• [DATA TO EXAMINE]
(* Let $N\ge 1$, $0<s<1$ and $1<p<\infty$ be such that $s\,p>N$, and define \[ \theta_{N,s,p}:=\omega_N\,\sup_{T>1} \frac{(T-1)^N}{\Big((T-1)^s+T^s\Big)^p}. \] Then \[ \theta_{N,s,p}\,\Lambda_{s,p}(B_1(0))\le\mathfrak{m}_{s,p}(\mathbb{R}^N). \]
   Context: $\omega_N$ is the Lebesgue measure of the unit ball $B_1(0)\subseteq\mathbb{R}^N$. For an open set $\Omega$ and $0<s<1$, $[\varphi]_{W^{s,p}(\Omega)}=\left(\iint_{\Omega\times\Omega}\frac{|\varphi(x)-\varphi(y)|^p}{|x-y|^{N+s\,p}}dx\,dy\right)^{1/p}$. For $0<\alpha\le1$ and $E\subseteq\mathbb{R}^N$, $[\varphi]_{C^{0,\alpha}(E)}=\sup_{x,y\in E,\,x\ne y}\frac{|\varphi(x)-\varphi(y)|}{|x-y|^\alpha}$. Set $\alpha_{s,p}=s-N/p$. The sharp Morrey constant is $\mathfrak{m}_{s,p}(\mathbb{R}^N)=\inf\{[\varphi]^p_{W^{s,p}(\mathbb{R}^N)}:\varphi\in C^\infty_0(\mathbb{R}^N),\ [\varphi]_{C^{0,\alpha_{s,p}}(\mathbb{R}^N)}=1\}$. For a ball $B_r(x_0)$, $\Lambda_{s,p}(B_r(x_0))=\inf\{[\varphi]^p_{W^{s,p}(B_r(x_0))}:\varphi\in C^1(\overline{B_r(x_0)}),\ \|\varphi\|_{L^p(B_r(x_0))}=1,\ \varphi(x_0)=0\}$. *)

theory Defs
  imports "HOL-Analysis.Analysis"
begin

text \<open>omega_N: Lebesgue measure of the unit ball in the N-dimensional space 'a (N = DIM('a)).\<close>
definition omega :: "'a::euclidean_space itself \<Rightarrow> real" where
  "omega _ = measure lborel (ball (0::'a) 1)"

fun Ck :: "nat \<Rightarrow> ('a::euclidean_space \<Rightarrow> real) \<Rightarrow> bool" where
  "Ck 0 f = continuous_on UNIV f"
| "Ck (Suc k) f = (\<exists>g::'a \<Rightarrow> 'a \<Rightarrow> real.
      (\<forall>x. (f has_derivative (\<lambda>h. \<Sum>i\<in>Basis. (h \<bullet> i) * g i x)) (at x)) \<and>
      (\<forall>i\<in>Basis. Ck k (g i)))"

definition C_infty_0 :: "('a::euclidean_space \<Rightarrow> real) \<Rightarrow> bool" where
  "C_infty_0 f \<longleftrightarrow> (\<forall>k. Ck k f) \<and> compact (closure {x. f x \<noteq> 0})"

definition C1_closed_ball :: "'a::euclidean_space \<Rightarrow> real \<Rightarrow> ('a \<Rightarrow> real) \<Rightarrow> bool" where
  "C1_closed_ball x0 r f \<longleftrightarrow> continuous_on (cball x0 r) f \<and>
     (\<exists>g::'a \<Rightarrow> 'a \<Rightarrow> real.
        (\<forall>x\<in>ball x0 r. (f has_derivative (\<lambda>h. \<Sum>i\<in>Basis. (h \<bullet> i) * g i x)) (at x)) \<and>
        (\<forall>i\<in>Basis. continuous_on (cball x0 r) (g i)))"

definition gagliardo_pow :: "'a::euclidean_space set \<Rightarrow> real \<Rightarrow> real \<Rightarrow> ('a \<Rightarrow> real) \<Rightarrow> ennreal" where
  "gagliardo_pow \<Omega> s p \<phi> =
     (\<integral>\<^sup>+ z. indicator (\<Omega> \<times> \<Omega>) z *
        ennreal (\<bar>\<phi> (fst z) - \<phi> (snd z)\<bar> powr p /
                 dist (fst z) (snd z) powr (real DIM('a) + s * p)) \<partial>(lborel \<Otimes>\<^sub>M lborel))"

definition holder_seminorm :: "'a::euclidean_space set \<Rightarrow> real \<Rightarrow> ('a \<Rightarrow> real) \<Rightarrow> ennreal" where
  "holder_seminorm E \<alpha> \<phi> =
     (SUP z \<in> {(x, y). x \<in> E \<and> y \<in> E \<and> x \<noteq> y}.
        ennreal (\<bar>\<phi> (fst z) - \<phi> (snd z)\<bar> / dist (fst z) (snd z) powr \<alpha>))"

definition Lp_norm_on :: "'a::euclidean_space set \<Rightarrow> real \<Rightarrow> ('a \<Rightarrow> real) \<Rightarrow> real" where
  "Lp_norm_on S p \<phi> =
     (enn2real (\<integral>\<^sup>+ x. indicator S x * ennreal (\<bar>\<phi> x\<bar> powr p) \<partial>lborel)) powr (1 / p)"

definition alpha_sp :: "'a::euclidean_space itself \<Rightarrow> real \<Rightarrow> real \<Rightarrow> real" where
  "alpha_sp _ s p = s - real DIM('a) / p"
(* Let $D\subset\Phi^+$ be an orthogonal subset satisfying Assumption (A). (a) Let $\beta\in D\cap\mathcal C_j$, $\alpha\in S^+(\beta)$, and suppose $\beta-\alpha\in\mathcal M_j$. Then every $\beta'\in D$ of the form $\beta'=\alpha+\delta$ with $\delta\in\Phi^+$ lies in $\mathcal C_j$. (b) Suppose $|D\cap\mathcal C_j|=2$, say $D\cap\mathcal C_j=\{\beta,\beta'\}$, let $\gamma\in\mathcal M_j$ with $\mathrm{col}(\gamma)\ne\pm\mathrm{row}(\beta)$. Then every root of $D$ of the form $\gamma+\delta$ with $\delta\in\mathcal P$ lies in $\mathcal C_j$.
   Context: Let $\Phi$ be a root system of type $B_n$, $C_n$ or $D_n$ in $\mathbb R^n$ with standard basis $\varepsilon_1,\dots,\varepsilon_n$ and positive roots $\Phi^+=\{\varepsilon_i\pm\varepsilon_j:1\le i<j\le n\}\cup\Phi_1^+$, where $\Phi_1^+=\emptyset$ for $D_n$, $\{\varepsilon_i\}$ for $B_n$, $\{2\varepsilon_i\}$ for $C_n$. $D\subset\Phi^+$ is orthogonal if its roots are pairwise orthogonal. Assumption (A): if $\Phi=B_n$, $D$ contains at most one root of the form $\varepsilon_i$; if $\Phi=C_n$, $D$ does not contain both $\varepsilon_i-\varepsilon_j$ and $\varepsilon_i+\varepsilon_j$ for any $i<j$. $\mathrm{col}(\varepsilon_i\pm\varepsilon_j)=\mathrm{col}(\varepsilon_i)=\mathrm{col}(2\varepsilon_i)=i$; $\mathrm{row}(\varepsilon_i\pm\varepsilon_j)=\mp j$, $\mathrm{row}(\varepsilon_i)=0$, $\mathrm{row}(2\varepsilon_i)=-i$. $\mathcal R_i=\{\alpha\in\Phi^+:\mathrm{row}(\alpha)=i\}$, $\mathcal C_j=\{\alpha\in\Phi^+:\mathrm{col}(\alpha)=j\}$. For $\beta\in\Phi^+$, $S(\beta)=\{\alpha\in\Phi^+:\beta-\alpha\in\Phi^+\}$; $S^+(\beta)=\{\varepsilon_i+\varepsilon_l:i<l\le n\}$ if $\Phi=C_n$ and $\beta=2\varepsilon_i$, and $S^+(\beta)=S(\beta)\cap\mathcal C_{\mathrm{col}(\beta)}$ otherwise; $S^-(\beta)=S(\beta)\setminus S^+(\beta)$. Let $j_1<\dots<j_t$ be the indices of columns containing roots of $D$; recursively $\mathcal M_{j_i}=\{\gamma\in S^-(\beta):\beta\in D\cap\mathcal C_{j_i},\ \gamma\notin\bigcup_{l<i}\mathcal M_{j_l},\ \beta-\gamma\notin\bigcup_{l<i}\mathcal M_{j_l}\}$, and $\mathcal M_j=\emptyset$ for columns $j$ containing no root of $D$; $\mathcal M=\bigcup_i\mathcal M_{j_i}$, $\mathcal P=\Phi^+\setminus\mathcal M$. *)

theory Defs
  imports Main "HOL-Library.Function_Algebras"
begin

datatype rtype = TB | TC | TD

text \<open>Positive roots, by shape:
  RPlus i j = eps_i + eps_j, RMinus i j = eps_i - eps_j (intended i < j),
  RShort i = eps_i (type B), RLong i = 2 eps_i (type C).\<close>
datatype root = RPlus nat nat | RMinus nat nat | RShort nat | RLong nat

definition unitv :: "nat \<Rightarrow> nat \<Rightarrow> int" where
  "unitv i = (\<lambda>k. if k = i then 1 else 0)"

fun vec :: "root \<Rightarrow> nat \<Rightarrow> int" where
  "vec (RPlus i j) = unitv i + unitv j"
| "vec (RMinus i j) = unitv i - unitv j"
| "vec (RShort i) = unitv i"
| "vec (RLong i) = 2 * unitv i"

definition pos_roots :: "rtype \<Rightarrow> nat \<Rightarrow> root set" where
  "pos_roots t n =
     {RPlus i j | i j. 1 \<le> i \<and> i < j \<and> j \<le> n}
   \<union> {RMinus i j | i j. 1 \<le> i \<and> i < j \<and> j \<le> n}
   \<union> (case t of TD \<Rightarrow> {}
        | TB \<Rightarrow> {RShort i | i. 1 \<le> i \<and> i \<le> n}
        | TC \<Rightarrow> {RLong i | i. 1 \<le> i \<and> i \<le> n})"

fun col :: "root \<Rightarrow> nat" where
  "col (RPlus i j) = i"
| "col (RMinus i j) = i"
| "col (RShort i) = i"
| "col (RLong i) = i"

fun row :: "root \<Rightarrow> int" where
  "row (RPlus i j) = - int j"
| "row (RMinus i j) = int j"
| "row (RShort i) = 0"
| "row (RLong i) = - int i"

definition inner :: "nat \<Rightarrow> root \<Rightarrow> root \<Rightarrow> int" where
  "inner n a b = (\<Sum>k\<in>{1..n}. vec a k * vec b k)"

definition orthogonal_set :: "rtype \<Rightarrow> nat \<Rightarrow> root set \<Rightarrow> bool" where
  "orthogonal_set t n D \<longleftrightarrow> D \<subseteq> pos_roots t n \<and>
     (\<forall>a\<in>D. \<forall>b\<in>D. a \<noteq> b \<longrightarrow> inner n a b = 0)"

definition assumptionA :: "rtype \<Rightarrow> root set \<Rightarrow> bool" where
  "assumptionA t D \<longleftrightarrow>
     (t = TB \<longrightarrow> (\<forall>i k. RShort i \<in> D \<and> RShort k \<in> D \<longrightarrow> i = k)) \<and>
     (t = TC \<longrightarrow> (\<forall>i j. i < j \<longrightarrow> \<not> (RMinus i j \<in> D \<and> RPlus i j \<in> D)))"

definition Rows :: "rtype \<Rightarrow> nat \<Rightarrow> int \<Rightarrow> root set" where
  "Rows t n i = {a \<in> pos_roots t n. row a = i}"

definition Cols :: "rtype \<Rightarrow> nat \<Rightarrow> nat \<Rightarrow> root set" where
  "Cols t n j = {a \<in> pos_roots t n. col a = j}"

definition S :: "rtype \<Rightarrow> nat \<Rightarrow> root \<Rightarrow> root set" where
  "S t n b = {a \<in> pos_roots t n. \<exists>g \<in> pos_roots t n. vec g = vec b - vec a}"

definition Splus :: "rtype \<Rightarrow> nat \<Rightarrow> root \<Rightarrow> root set" where
  "Splus t n b =
     (if t = TC \<and> b = RLong (col b)
      then {RPlus (col b) l | l. col b < l \<and> l \<le> n}
      else S t n b \<inter> Cols t n (col b))"

definition Sminus :: "rtype \<Rightarrow> nat \<Rightarrow> root \<Rightarrow> root set" where
  "Sminus t n b = S t n b - Splus t n b"

text \<open>The step of the recursion defining M_j, given the union prev of all
  earlier M_l (l < j). Empty if column j contains no root of D.\<close>
definition Mstep :: "rtype \<Rightarrow> nat \<Rightarrow> root set \<Rightarrow> nat \<Rightarrow> root set \<Rightarrow> root set" where
  "Mstep t n D j prev =
     {g. \<exists>b \<in> D \<inter> Cols t n j. g \<in> Sminus t n b \<and> g \<notin> prev \<and>
         (\<forall>d \<in> pos_roots t n. vec d = vec b - vec g \<longrightarrow> d \<notin> prev)}"

primrec Mbefore :: "rtype \<Rightarrow> nat \<Rightarrow> root set \<Rightarrow> nat \<Rightarrow> root set" where
  "Mbefore t n D 0 = {}"
| "Mbefore t n D (Suc j) = Mbefore t n D j \<union> Mstep t n D j (Mbefore t n D j)"

definition Mcol :: "rtype \<Rightarrow> nat \<Rightarrow> root set \<Rightarrow> nat \<Rightarrow> root set" where
  "Mcol t n D j = Mstep t n D j (Mbefore t n D j)"

definition Mset :: "rtype \<Rightarrow> nat \<Rightarrow> root set \<Rightarrow> root set" where
  "Mset t n D = Mbefore t n D (Suc n)"

definition Pset :: "rtype \<Rightarrow> nat \<Rightarrow> root set \<Rightarrow> root set" where
  "Pset t n D = pos_roots t n - Mset t n D"

end

theory Submission
  imports Defs
begin

(* Every positive root x that is a sum p + q of two positive roots is such a sum in
   an essentially unique way: one summand p lies in the column of x (so p is in
   S^+(x)) and the other one q lies in S^-(x).  The recursion defining the sets M_j then yields a closure property:
   if the S^- summand x of a root b of D in column p is not in M_1, ..., M_p, then its
   partner was already in M_1, ..., M_(p-1) (partner_in_earlier_M).

   Both parts of the lemma are proved by contradiction: assuming a root of D outside
   column j, the closure property produces a root of D in an even earlier column,
   and a finite case distinction over the shapes of the roots involved shows that
   this root cannot be orthogonal to the roots already found (using Assumption (A)
   for two short roots in type B). *)

lemma pos_RPlus [simp]: "RPlus i j \<in> pos_roots t n \<longleftrightarrow> 1 \<le> i \<and> i < j \<and> j \<le> n"
  by (cases t) (auto simp: pos_roots_def)

lemma pos_RMinus [simp]: "RMinus i j \<in> pos_roots t n \<longleftrightarrow> 1 \<le> i \<and> i < j \<and> j \<le> n"
  by (cases t) (auto simp: pos_roots_def)

lemma pos_RShort [simp]: "RShort i \<in> pos_roots t n \<longleftrightarrow> t = TB \<and> 1 \<le> i \<and> i \<le> n"
  by (cases t) (auto simp: pos_roots_def)

lemma pos_RLong [simp]: "RLong i \<in> pos_roots t n \<longleftrightarrow> t = TC \<and> 1 \<le> i \<and> i \<le> n"
  by (cases t) (auto simp: pos_roots_def)

lemma pos_root_col: "x \<in> pos_roots t n \<Longrightarrow> 1 \<le> col x \<and> col x \<le> n"
  by (cases x) auto

lemma Cols_iff: "b \<in> Cols t n j \<longleftrightarrow> b \<in> pos_roots t n \<and> col b = j"
  unfolding Cols_def by auto

fun supp :: "root \<Rightarrow> nat set" where
  "supp (RPlus i j) = {i, j}"
| "supp (RMinus i j) = {i, j}"
| "supp (RShort i) = {i}"
| "supp (RLong i) = {i}"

• [PROBLEM REQUIREMENTS]
State the count of lines in the preceding listing that include the string "inter". No other words belong in the answer.

• [ANSWER AREA]
2